What to do:
All lines in the records below with the word "forall" must be returned.

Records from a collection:
· · ·
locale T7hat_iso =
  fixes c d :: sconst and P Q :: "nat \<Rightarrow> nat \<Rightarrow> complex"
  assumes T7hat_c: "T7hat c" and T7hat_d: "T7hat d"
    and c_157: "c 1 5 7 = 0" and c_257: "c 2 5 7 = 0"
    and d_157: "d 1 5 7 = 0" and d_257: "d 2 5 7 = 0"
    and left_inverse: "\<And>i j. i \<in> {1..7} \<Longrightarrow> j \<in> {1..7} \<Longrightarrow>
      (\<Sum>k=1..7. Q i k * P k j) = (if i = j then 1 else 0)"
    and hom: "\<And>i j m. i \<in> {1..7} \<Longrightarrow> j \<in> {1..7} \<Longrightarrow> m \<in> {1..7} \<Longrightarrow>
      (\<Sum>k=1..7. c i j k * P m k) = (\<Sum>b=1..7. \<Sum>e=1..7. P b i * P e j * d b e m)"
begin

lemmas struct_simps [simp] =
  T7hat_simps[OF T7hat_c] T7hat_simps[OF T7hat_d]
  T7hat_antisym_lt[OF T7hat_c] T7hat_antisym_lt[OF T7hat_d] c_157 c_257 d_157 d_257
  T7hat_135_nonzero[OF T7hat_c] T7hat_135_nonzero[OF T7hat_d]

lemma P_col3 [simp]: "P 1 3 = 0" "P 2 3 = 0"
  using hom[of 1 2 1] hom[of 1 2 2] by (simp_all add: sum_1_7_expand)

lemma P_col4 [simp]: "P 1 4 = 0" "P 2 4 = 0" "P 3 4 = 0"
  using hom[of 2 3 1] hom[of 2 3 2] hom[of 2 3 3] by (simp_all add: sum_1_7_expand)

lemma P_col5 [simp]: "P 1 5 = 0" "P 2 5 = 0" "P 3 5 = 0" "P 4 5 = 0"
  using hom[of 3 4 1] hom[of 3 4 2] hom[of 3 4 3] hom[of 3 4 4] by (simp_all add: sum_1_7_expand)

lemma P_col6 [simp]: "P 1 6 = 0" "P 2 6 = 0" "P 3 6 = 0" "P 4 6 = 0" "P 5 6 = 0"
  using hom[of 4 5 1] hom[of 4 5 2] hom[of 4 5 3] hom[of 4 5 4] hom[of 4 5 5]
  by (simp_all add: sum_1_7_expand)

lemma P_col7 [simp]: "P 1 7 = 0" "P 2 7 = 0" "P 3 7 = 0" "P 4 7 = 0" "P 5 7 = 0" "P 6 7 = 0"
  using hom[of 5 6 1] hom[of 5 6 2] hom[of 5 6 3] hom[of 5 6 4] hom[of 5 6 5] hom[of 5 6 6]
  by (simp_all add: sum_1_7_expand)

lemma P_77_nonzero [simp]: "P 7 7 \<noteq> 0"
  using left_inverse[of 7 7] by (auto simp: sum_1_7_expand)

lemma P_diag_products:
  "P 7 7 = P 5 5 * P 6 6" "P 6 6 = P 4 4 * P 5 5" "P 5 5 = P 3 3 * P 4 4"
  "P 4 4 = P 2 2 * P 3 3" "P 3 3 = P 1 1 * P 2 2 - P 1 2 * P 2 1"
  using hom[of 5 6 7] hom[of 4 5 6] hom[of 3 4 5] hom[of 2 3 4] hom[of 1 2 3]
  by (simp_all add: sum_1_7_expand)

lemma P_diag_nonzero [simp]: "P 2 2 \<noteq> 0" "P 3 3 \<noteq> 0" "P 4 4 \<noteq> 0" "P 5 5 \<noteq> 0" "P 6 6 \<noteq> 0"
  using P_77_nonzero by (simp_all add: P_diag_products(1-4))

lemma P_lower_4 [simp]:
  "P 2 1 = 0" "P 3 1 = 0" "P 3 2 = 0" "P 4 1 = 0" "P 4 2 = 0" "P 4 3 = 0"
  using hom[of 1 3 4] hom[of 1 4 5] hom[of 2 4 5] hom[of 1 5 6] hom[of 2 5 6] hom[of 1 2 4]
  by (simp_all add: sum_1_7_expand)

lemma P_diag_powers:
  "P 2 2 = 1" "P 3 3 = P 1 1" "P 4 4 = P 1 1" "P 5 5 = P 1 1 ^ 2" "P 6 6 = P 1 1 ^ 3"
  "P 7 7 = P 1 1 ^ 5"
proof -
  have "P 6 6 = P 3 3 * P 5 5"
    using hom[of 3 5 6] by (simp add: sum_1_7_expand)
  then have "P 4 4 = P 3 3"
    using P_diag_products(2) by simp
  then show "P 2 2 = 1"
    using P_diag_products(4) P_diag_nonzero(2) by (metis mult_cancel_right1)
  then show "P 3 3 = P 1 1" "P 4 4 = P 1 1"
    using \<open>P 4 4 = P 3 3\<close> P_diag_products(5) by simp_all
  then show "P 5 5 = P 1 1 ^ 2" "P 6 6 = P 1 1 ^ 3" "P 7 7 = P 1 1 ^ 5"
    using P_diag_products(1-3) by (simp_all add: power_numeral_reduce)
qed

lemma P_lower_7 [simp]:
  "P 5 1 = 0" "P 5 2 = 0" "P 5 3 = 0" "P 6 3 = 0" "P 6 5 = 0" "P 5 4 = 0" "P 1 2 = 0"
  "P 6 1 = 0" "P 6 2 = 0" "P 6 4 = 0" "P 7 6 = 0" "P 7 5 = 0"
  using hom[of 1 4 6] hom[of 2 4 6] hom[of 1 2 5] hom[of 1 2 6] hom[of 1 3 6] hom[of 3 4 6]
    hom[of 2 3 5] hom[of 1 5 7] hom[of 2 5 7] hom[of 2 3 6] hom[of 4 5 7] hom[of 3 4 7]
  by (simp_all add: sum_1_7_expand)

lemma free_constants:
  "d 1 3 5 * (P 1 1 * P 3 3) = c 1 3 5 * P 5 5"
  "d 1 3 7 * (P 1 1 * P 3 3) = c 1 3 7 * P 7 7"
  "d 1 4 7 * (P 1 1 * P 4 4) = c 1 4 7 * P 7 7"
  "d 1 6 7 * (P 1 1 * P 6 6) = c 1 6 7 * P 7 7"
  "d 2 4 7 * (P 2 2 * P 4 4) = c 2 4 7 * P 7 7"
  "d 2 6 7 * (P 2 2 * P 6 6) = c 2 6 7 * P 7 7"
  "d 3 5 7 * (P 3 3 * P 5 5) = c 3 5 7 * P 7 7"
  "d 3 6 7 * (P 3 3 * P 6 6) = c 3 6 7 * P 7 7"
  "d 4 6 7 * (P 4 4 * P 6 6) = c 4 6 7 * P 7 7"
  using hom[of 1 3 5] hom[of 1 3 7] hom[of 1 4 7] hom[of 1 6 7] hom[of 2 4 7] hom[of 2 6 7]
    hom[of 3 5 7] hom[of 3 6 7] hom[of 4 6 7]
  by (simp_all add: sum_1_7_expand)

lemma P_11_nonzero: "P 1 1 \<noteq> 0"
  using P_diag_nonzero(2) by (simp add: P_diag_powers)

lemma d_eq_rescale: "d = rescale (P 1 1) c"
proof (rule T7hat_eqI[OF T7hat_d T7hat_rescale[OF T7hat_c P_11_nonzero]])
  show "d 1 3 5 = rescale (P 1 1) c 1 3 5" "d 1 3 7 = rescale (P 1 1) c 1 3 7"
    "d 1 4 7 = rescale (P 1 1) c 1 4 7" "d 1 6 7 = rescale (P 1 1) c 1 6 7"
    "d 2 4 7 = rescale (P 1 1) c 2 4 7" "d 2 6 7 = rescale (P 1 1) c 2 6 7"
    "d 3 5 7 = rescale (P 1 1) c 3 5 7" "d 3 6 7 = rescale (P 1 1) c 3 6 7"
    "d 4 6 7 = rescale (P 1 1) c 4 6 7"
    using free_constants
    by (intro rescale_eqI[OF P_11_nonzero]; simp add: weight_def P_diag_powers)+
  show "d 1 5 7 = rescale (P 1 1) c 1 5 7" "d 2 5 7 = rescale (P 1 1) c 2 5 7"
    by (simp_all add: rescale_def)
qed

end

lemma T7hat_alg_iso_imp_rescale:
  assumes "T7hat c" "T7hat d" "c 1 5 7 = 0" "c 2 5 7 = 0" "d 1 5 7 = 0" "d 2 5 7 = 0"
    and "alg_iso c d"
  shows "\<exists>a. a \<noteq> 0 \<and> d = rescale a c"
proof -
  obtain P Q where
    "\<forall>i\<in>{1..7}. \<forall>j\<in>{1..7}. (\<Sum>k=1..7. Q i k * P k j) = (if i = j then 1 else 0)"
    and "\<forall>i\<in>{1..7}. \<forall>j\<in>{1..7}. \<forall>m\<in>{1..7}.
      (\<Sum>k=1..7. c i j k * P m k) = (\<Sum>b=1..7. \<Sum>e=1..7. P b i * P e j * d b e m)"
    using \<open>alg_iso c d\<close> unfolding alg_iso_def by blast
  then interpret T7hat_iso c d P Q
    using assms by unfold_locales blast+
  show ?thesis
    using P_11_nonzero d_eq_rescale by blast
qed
· · ·
Response to the exercise:
    "\<forall>i\<in>{1..7}. \<forall>j\<in>{1..7}. (\<Sum>k=1..7. Q i k * P k j) = (if i = j then 1 else 0)"
    and "\<forall>i\<in>{1..7}. \<forall>j\<in>{1..7}. \<forall>m\<in>{1..7}.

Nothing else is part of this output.